Previously, function erroneously assumed that XML response always had <Content> elements listed last, and merely used `tail()` to get the Key of the last element for use as NextMarker.

This assumption relying on ordering rather than explicitly using element names fails when clients (CEPH S3 interface) return XML that lists metadata fields.  Moreover, the S3 response actually provides a field called NextMarker for this very purpose, which ought to be used instead of attempting to find the last key.

Later, the code again used `tail` erroneously depending on order, rather than merely copying over the NextMarker metadata field onto the expanding concatanated list.
@raymondben
Copy link

@s-u any chance this PR can be merged please? The problem still exists as described and @cboettig's solution (this PR) works on the data sets I am using from Copernicus Marine. Without this PR, get_bucket puts itself into an infinite loop (tail(r, 1)[["Contents"]][["Key"]] returns NULL and so rather than paging through results, the loop ends up downloading the first 1000 records over and over again). Thanks!

@s-u
Copy link
Member

s-u commented Aug 2, 2025

@raymondben Sure - but it would help if 1) there was some information on what the problem is (the above talks about the code but not actually how to trigger the problem/where this matters) and how it can be replicated and 2) confirm that the PR works and doesn't break anything else? It seems that you may have the material for both.

@raymondben
Copy link

Thanks @s-u - fair points, and yes I can go some way towards addressing those. Thanks, stand by ...

@raymondben
Copy link

Here is a reproducible example:

lx <- aws.s3::get_bucket_df(bucket = "mdl-native-07", prefix = "native/SEALEVEL_GLO_PHY_L4_MY_008_047/cmems_obs-sl_glo_phy-ssh_my_allsat-l4-duacs-0.125deg_P1D_202411/", region = "", base_url = "s3.waw3-1.cloudferro.com", max = 2000)

all.equal(lx[1:1000, ], lx[1001:2000, ], check.attributes = FALSE)
[1] TRUE

sum(duplicated(lx$Key))
[1] 1000

Instead of listing the first 2000 objects, we are getting two copies of the first 1000 objects.

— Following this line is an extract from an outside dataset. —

(* For a finite set $\Gamma=\{\gamma_1,\dots,\gamma_n\}$ of tape symbols, the tape theory over $\Gamma$ is not finitely axiomatizable: there is no finite set of equations in the tape signature whose deductive closure under equational logic equals the tape theory.
   Context: For $i\in\mathbb Z$, $k\ge 0$ and $\sigma,\sigma':\mathbb Z\to\Gamma$ write $\sigma=_{i\pm k}\sigma'$ if $\sigma(j)=\sigma'(j)$ for all $j$ with $|i-j|\le k$, and $\sigma=^{i\pm k}\sigma'$ if $\sigma(j)=\sigma'(j)$ for all $j$ with $|i-j|>k$; write $\sigma_{+j}=\sigma\circ(\lambda i.\,i+j)$. The tape monad over $\Gamma$ assigns to a set $X$ the set $TX$ of maps $\langle r,z,t\rangle:\mathbb Z\times\Gamma^{\mathbb Z}\to X\times\mathbb Z\times\Gamma^{\mathbb Z}$ for which there is $k\ge0$ such that for all $i,j\in\mathbb Z$ and all $\sigma,\sigma'$ with $\sigma=_{i\pm k}\sigma'$: $t(i,\sigma)=_{i\pm k}t(i,\sigma')$, $r(i,\sigma)=r(i,\sigma')$, $|z(i,\sigma)-i|\le k$, $t(i,\sigma)=^{i\pm k}\sigma$, $z(i,\sigma)=z(i,\sigma')$, $t(i,\sigma_{+j})=t(i+j,\sigma)_{+j}$, $r(i,\sigma_{+j})=r(i+j,\sigma)$, $z(i,\sigma_{+j})=z(i+j,\sigma)-j$. The tape signature consists of an $n$-ary operation $read$, unary operations $write_i$ ($1\le i\le n$), and unary operations $lmove$, $rmove$, interpreted on each $TX$ by $read(p_1,\dots,p_n)(z,\sigma)=p_{\sigma(z)}(z,\sigma)$ (where $p_{\gamma_i}$ means $p_i$), $write_i(p)(z,\sigma)=p(z,\sigma[z\mapsto\gamma_i])$, $lmove(p)(z,\sigma)=p(z-1,\sigma)$, $rmove(p)(z,\sigma)=p(z+1,\sigma)$, where $\sigma[z\mapsto\gamma]$ agrees with $\sigma$ except that it maps $z$ to $\gamma$. The tape theory over $\Gamma$ is the set of all equations $p=q$ between terms of the tape signature that are valid under this interpretation in $TX$ for every set $X$. *)

theory Defs
  imports Main
begin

This happens because the current get_bucket code uses the last Key value in a page of results (marker = tail(r, 1)[["Contents"]][["Key"]]) to identify the starting point for the request for the next page of results (https://github.com/snystrom/aws.s3/blob/master/R/get_bucket.R#L56).

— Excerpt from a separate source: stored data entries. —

lemma kron_edges_Knnn_K2:
  "kron_edges (Knnn_edges n) K2_edges = {cycle_edge k j j' | k j j'. k < 6 \<and> j < n \<and> j' < n}"
proof (intro set_eqI iffI)
  fix e assume "e \<in> kron_edges (Knnn_edges n) K2_edges"
  then obtain g h g' h' where e: "e = {(g, h), (g', h')}" "{g, g'} \<in> Knnn_edges n" "{h, h'} = {0, 1}"
    unfolding kron_edges_def K2_edges_def by blast
  obtain u u' where "{g, g'} = {u, u'}" "u \<in> Knnn_vertices n" "u' \<in> Knnn_vertices n" "fst u \<noteq> fst u'"
    using e(2) unfolding Knnn_edges_def by blast
  then have "g \<in> Knnn_vertices n" "g' \<in> Knnn_vertices n" "fst g \<noteq> fst g'"
    by (auto simp: doubleton_eq_iff)
  moreover obtain i j i' j' where "g = (i, j)" "g' = (i', j')"
    by (metis surj_pair)
  moreover have "h < 2" "h' < 2" "h \<noteq> h'"
    using e(3) by (auto simp: doubleton_eq_iff)
  ultimately have e: "e = {((i, j), h), ((i', j'), h')}"
    "i < 3" "i' < 3" "j < n" "j' < n" "i \<noteq> i'" "h < 2" "h' < 2" "h \<noteq> h'"
    using e(1) by (auto simp: Knnn_vertices_def)
  define k where "k = vertex_class ((i, j), h)"
  define k' where "k' = vertex_class ((i', j'), h')"
  have v: "cycle_vertex k j = ((i, j), h)" "cycle_vertex k' j' = ((i', j'), h')"
    using e cycle_vertex_vertex_class by (simp_all add: k_def k'_def)
  have "k < 6" "k' < 6"
    by (simp_all add: k_def k'_def vertex_class_less_6)
  moreover have "k mod 3 \<noteq> k' mod 3" "k mod 2 \<noteq> k' mod 2"
    using v e by (auto simp: cycle_vertex_def)
  ultimately consider "k' = (k + 1) mod 6" | "k = (k' + 1) mod 6"
    using consecutive_mod_6 by blast
  then have "e = cycle_edge k j j' \<or> e = cycle_edge k' j' j"
    by cases (simp_all add: e(1) v[symmetric] cycle_edge_def insert_commute)
  then show "e \<in> {cycle_edge k j j' | k j j'. k < 6 \<and> j < n \<and> j' < n}"
    using \<open>k < 6\<close> \<open>k' < 6\<close> e by blast
qed (use cycle_edge_in_kron_edges in blast)

lemma cycle_edge_eq_iff:
  assumes "k < 6" "k' < 6"
  shows "cycle_edge k j j2 = cycle_edge k' j' j2' \<longleftrightarrow> k = k' \<and> j = j' \<and> j2 = j2'"
proof
  assume eq: "cycle_edge k j j2 = cycle_edge k' j' j2'"
  have succ: "(k + 1) mod 6 < 6" "(k' + 1) mod 6 < 6"
    by simp_all
  have "\<not> (k = (k' + 1) mod 6 \<and> (k + 1) mod 6 = k')"
    using assms by presburger
  then show "k = k' \<and> j = j' \<and> j2 = j2'"
    using eq assms succ by (auto simp: cycle_edge_def doubleton_eq_iff cycle_vertex_eq_iff)
qed simp

definition layer_index :: "nat \<Rightarrow> nat \<Rightarrow> nat \<Rightarrow> nat" where
  "layer_index p j j' = (if j div 2 = j' div 2 \<and> j \<noteq> j' then 2 * p else j div 2)"

definition layer :: "nat \<Rightarrow> nat \<Rightarrow> ((nat \<times> nat) \<times> nat) set set" where
  "layer p i = {cycle_edge k j j' | k j j'. k < 6 \<and> j < 4 * p \<and> j' < 4 * p \<and> layer_index p j j' = i}"

datatype fan_edge = Left_fan nat nat | Right_fan nat nat | Rim nat nat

But in this example, that Key value is NULL:

r <- aws.s3:::parse_aws_s3_response(
  aws.s3::get_bucket(bucket = "mdl-native-07", prefix = "native/SEALEVEL_GLO_PHY_L4_MY_008_047/cmems_obs-sl_glo_phy-ssh_my_allsat-l4-duacs-0.125deg_P1D_202411/", region = "", base_url = "s3.waw3-1.cloudferro.com", max = 2000, parse_response = FALSE))

tail(r, 1)[["Contents"]][["Key"]]
NULL

Instead we can use the NextMarker key for this purpose, see https://docs.aws.amazon.com/AmazonS3/latest/API/API_ListObjects.html#API_ListObjects_ResponseSyntax:

NextMarker

When the response is truncated (the IsTruncated element value in the response is true), you can use the key name in this field as the marker parameter in the subsequent request to get the next set of objects. Amazon S3 lists objects in alphabetical order.

Note

This element is returned only if you have the delimiter request parameter specified. If the response does not include the NextMarker element and it is truncated, you can use the value of the last Key element in the response as the marker parameter in the subsequent request to get the next set of object keys.

In our above example:

r$NextMarker
[1] "native/SEALEVEL_GLO_PHY_L4_MY_008_047/cmems_obs-sl_glo_phy-ssh_my_allsat-l4-duacs-0.125deg_P1D_202411/1995/09/dt_global_allsat_phy_l4_19950927_20241015.nc"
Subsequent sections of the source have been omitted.